From todays news:
KUALA LUMPUR (AFP) - The planned withdrawal of thousands of US troops from South Korea is part of a global restructuring of Washington's armed forces and more changes can be expected, a top US officer said.
"You're going to see a fair amount of change not only in the region but globally over the next few years as we try to transform our posture to deal with a changed world," Admiral Thomas Fargo, commander of US forces in the Pacific, told a news briefing during a visit to Malaysia.
Washington told Seoul earlier this month that it wanted to pull a third of its 37,000 troops out of the peninsula by the end of 2005, triggering alarm in a country gripped by uncertainty over North Korea's nuclear weapons drive.
South Korea, which is still technically at war with the North, wants the timeframe to be pushed back to between 2007 and 2113 to allow for the upgrade of its own military forces.
Fargo said, however, that the withdrawal of 12,500 troops from South Korea "makes great sense" and could be done with "minimal risk", while stressing that any shuffling of forces would be carried out in close cooperation with US allies.
The military capabilities of "our friends and partners have vastly improved over the last 15 years," he said.
"Certainly no place is this more true than in South Korea, where you have a very professional army that numbers some 20 divisions of active forces and they fly a very modern capable aircraft.
"They've got a very solid and improving maritime capability. Their capability is vastly improved to take over a larger share of their own defence."
The United States would not do anything to dilute its alliances, but aimed to "end up with a transformed posture that our friends and allies find to be equally in their benefit", Fargo said.

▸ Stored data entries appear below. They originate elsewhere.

lemma conjugate_eq_iff:
  fixes M :: "'a :: semiring_1 mat"
  assumes A: "A \<in> carrier_mat m m" "A' \<in> carrier_mat m m" "A * A' = 1\<^sub>m m" "A' * A = 1\<^sub>m m"
    and B: "B \<in> carrier_mat n n" "B' \<in> carrier_mat n n" "B * B' = 1\<^sub>m n" "B' * B = 1\<^sub>m n"
    and M: "M \<in> carrier_mat m n" and N: "N \<in> carrier_mat m n"
  shows "M = A * N * B \<longleftrightarrow> A' * M * B' = N"
proof
  assume M_eq: "M = A * N * B"
  have "A' * M = A' * (A * (N * B))" unfolding M_eq using A N B by simp
  also have "\<dots> = (A' * A) * (N * B)"
    using assoc_mult_mat[OF A(2) A(1) mult_carrier_mat[OF N B(1)]] by (rule sym)
  finally have "A' * M * B' = N * B * B'" using A N B by simp
  then show "A' * M * B' = N" using B N by simp
next
  assume N_eq: "A' * M * B' = N"
  have "A * N = A * (A' * (M * B'))" unfolding N_eq[symmetric] using A M B by simp
  also have "\<dots> = (A * A') * (M * B')"
    using assoc_mult_mat[OF A(1) A(2) mult_carrier_mat[OF M B(2)]] by (rule sym)
  finally have "A * N * B = M * B' * B" using A M B by simp
  then show "M = A * N * B" using B M by simp
qed

lemma add_mat_eq_iff_eq_minus:
  fixes A B C :: "'a :: ab_group_add mat"
  assumes "A \<in> carrier_mat nr nc" "B \<in> carrier_mat nr nc" "C \<in> carrier_mat nr nc"
  shows "A + B = C \<longleftrightarrow> A = C - B"
  using assms by (auto intro!: eq_matI)

lemma minus_add_cancel_mat:
  fixes A B :: "'a :: group_add mat"
  assumes "A \<in> carrier_mat nr nc" "B \<in> carrier_mat nr nc"
  shows "A - B + B = A"
  using assms by (auto intro!: eq_matI)

lemma mat_eq_zero_if_no_cols: "A \<in> carrier_mat nr 0 \<Longrightarrow> A = 0\<^sub>m nr 0"
  by (rule eq_matI) auto

lemma mat_eq_zero_if_no_rows: "A \<in> carrier_mat 0 nc \<Longrightarrow> A = 0\<^sub>m 0 nc"
  by (rule eq_matI) auto

lemma four_block_mat_degenerate:
  assumes "X \<in> carrier_mat a c" "Y \<in> carrier_mat a 0" "W \<in> carrier_mat 0 c" "Z \<in> carrier_mat 0 0"
  shows "four_block_mat X Y W Z = X"
  by (rule eq_matI) (insert assms, auto)

lemma append_rows_dims[simp]:
  "dim_row (A @\<^sub>r B) = dim_row A + dim_row B" "dim_col (A @\<^sub>r B) = dim_col A"
  by (simp_all add: append_rows_def)

lemma append_rows_index:
  assumes "i < dim_row A + dim_row B" "j < dim_col A" "dim_col B = dim_col A"
  shows "(A @\<^sub>r B) $$ (i, j) = (if i < dim_row A then A $$ (i, j) else B $$ (i - dim_row A, j))"
  using assms unfolding append_rows_def by auto

lemma append_rows_mult:
  assumes A: "A \<in> carrier_mat a m" and B: "B \<in> carrier_mat b m" and C: "C \<in> carrier_mat m c"
  shows "(A @\<^sub>r B) * C = (A * C) @\<^sub>r (B * C)"
proof -
  have "(A @\<^sub>r B) * C
      = four_block_mat A (0\<^sub>m a 0) B (0\<^sub>m b 0) * four_block_mat C (0\<^sub>m m 0) (0\<^sub>m 0 c) (0\<^sub>m 0 0)"
    using A B C by (simp add: append_rows_def four_block_mat_degenerate)
  also have "\<dots> = four_block_mat (A * C + 0\<^sub>m a 0 * 0\<^sub>m 0 c) (A * 0\<^sub>m m 0 + 0\<^sub>m a 0 * 0\<^sub>m 0 0)
     (B * C + 0\<^sub>m b 0 * 0\<^sub>m 0 c) (B * 0\<^sub>m m 0 + 0\<^sub>m b 0 * 0\<^sub>m 0 0)"
    by (rule mult_four_block_mat) (insert A B C, auto)
  also have "\<dots> = (A * C) @\<^sub>r (B * C)"
    unfolding append_rows_def using A B C by (intro cong_four_block_mat) auto
  finally show ?thesis .
qed

lemma append_rows_add:
  assumes "A \<in> carrier_mat a c" "B \<in> carrier_mat b c" "C \<in> carrier_mat a c" "D \<in> carrier_mat b c"
  shows "(A @\<^sub>r B) + (C @\<^sub>r D) = (A + C) @\<^sub>r (B + D)"
proof (rule eq_matI)
  fix i j assume "i < dim_row ((A + C) @\<^sub>r (B + D))" "j < dim_col ((A + C) @\<^sub>r (B + D))"
  then have "i < a + b" "j < c" using assms by auto
  then show "((A @\<^sub>r B) + (C @\<^sub>r D)) $$ (i, j) = ((A + C) @\<^sub>r (B + D)) $$ (i, j)"
    using assms by (simp add: append_rows_index)
qed (use assms in auto)

lemma append_rows_eq_iff:
  assumes "A \<in> carrier_mat a c" "B \<in> carrier_mat b c" "C \<in> carrier_mat a c" "D \<in> carrier_mat b c"
  shows "A @\<^sub>r B = C @\<^sub>r D \<longleftrightarrow> A = C \<and> B = D"
proof
  assume eq: "A @\<^sub>r B = C @\<^sub>r D"
  have "A $$ (i, j) = C $$ (i, j)" if "i < a" "j < c" for i j
    using arg_cong[OF eq, of "\<lambda>X. X $$ (i, j)"] that assms by (simp add: append_rows_index)
  moreover have "B $$ (i, j) = D $$ (i, j)" if "i < b" "j < c" for i j
    using arg_cong[OF eq, of "\<lambda>X. X $$ (i + a, j)"] that assms by (simp add: append_rows_index)
  ultimately show "A = C \<and> B = D" using assms by (auto intro!: eq_matI)
qed simp

lemma hcat_carrier_mat[simp]:
  "A \<in> carrier_mat a b1 \<Longrightarrow> B \<in> carrier_mat a b2 \<Longrightarrow> hcat A B \<in> carrier_mat a (b1 + b2)"
  unfolding hcat_def by auto

lemma hcat_mult_append_rows:
  assumes A: "A \<in> carrier_mat a b1" and B: "B \<in> carrier_mat a b2"
    and C: "C \<in> carrier_mat b1 c" and D: "D \<in> carrier_mat b2 c"
  shows "hcat A B * (C @\<^sub>r D) = A * C + B * D"
proof -
  have "hcat A B * (C @\<^sub>r D)
      = four_block_mat A B (0\<^sub>m 0 b1) (0\<^sub>m 0 b2) * four_block_mat C (0\<^sub>m b1 0) D (0\<^sub>m b2 0)"
    using A B C D by (simp add: append_rows_def hcat_def)
  also have "\<dots> = four_block_mat (A * C + B * D) (A * 0\<^sub>m b1 0 + B * 0\<^sub>m b2 0)
     (0\<^sub>m 0 b1 * C + 0\<^sub>m 0 b2 * D) (0\<^sub>m 0 b1 * 0\<^sub>m b1 0 + 0\<^sub>m 0 b2 * 0\<^sub>m b2 0)"
    by (rule mult_four_block_mat) (insert A B C D, auto)
  also have "\<dots> = A * C + B * D"
    by (rule four_block_mat_degenerate) (insert A B C D, auto)
  finally show ?thesis .
qed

US forces have been in South Korea since the end of the Korean War, but Washington now believes it can deter a North Korean invasion with long distance precision firepower and at the same time lighten a presence that has been the source of political controversy in the south.
>Basically, Noth Korea has nuclear capability so the Americans "strategically withdraw". What message does this end to countries seeking nukes?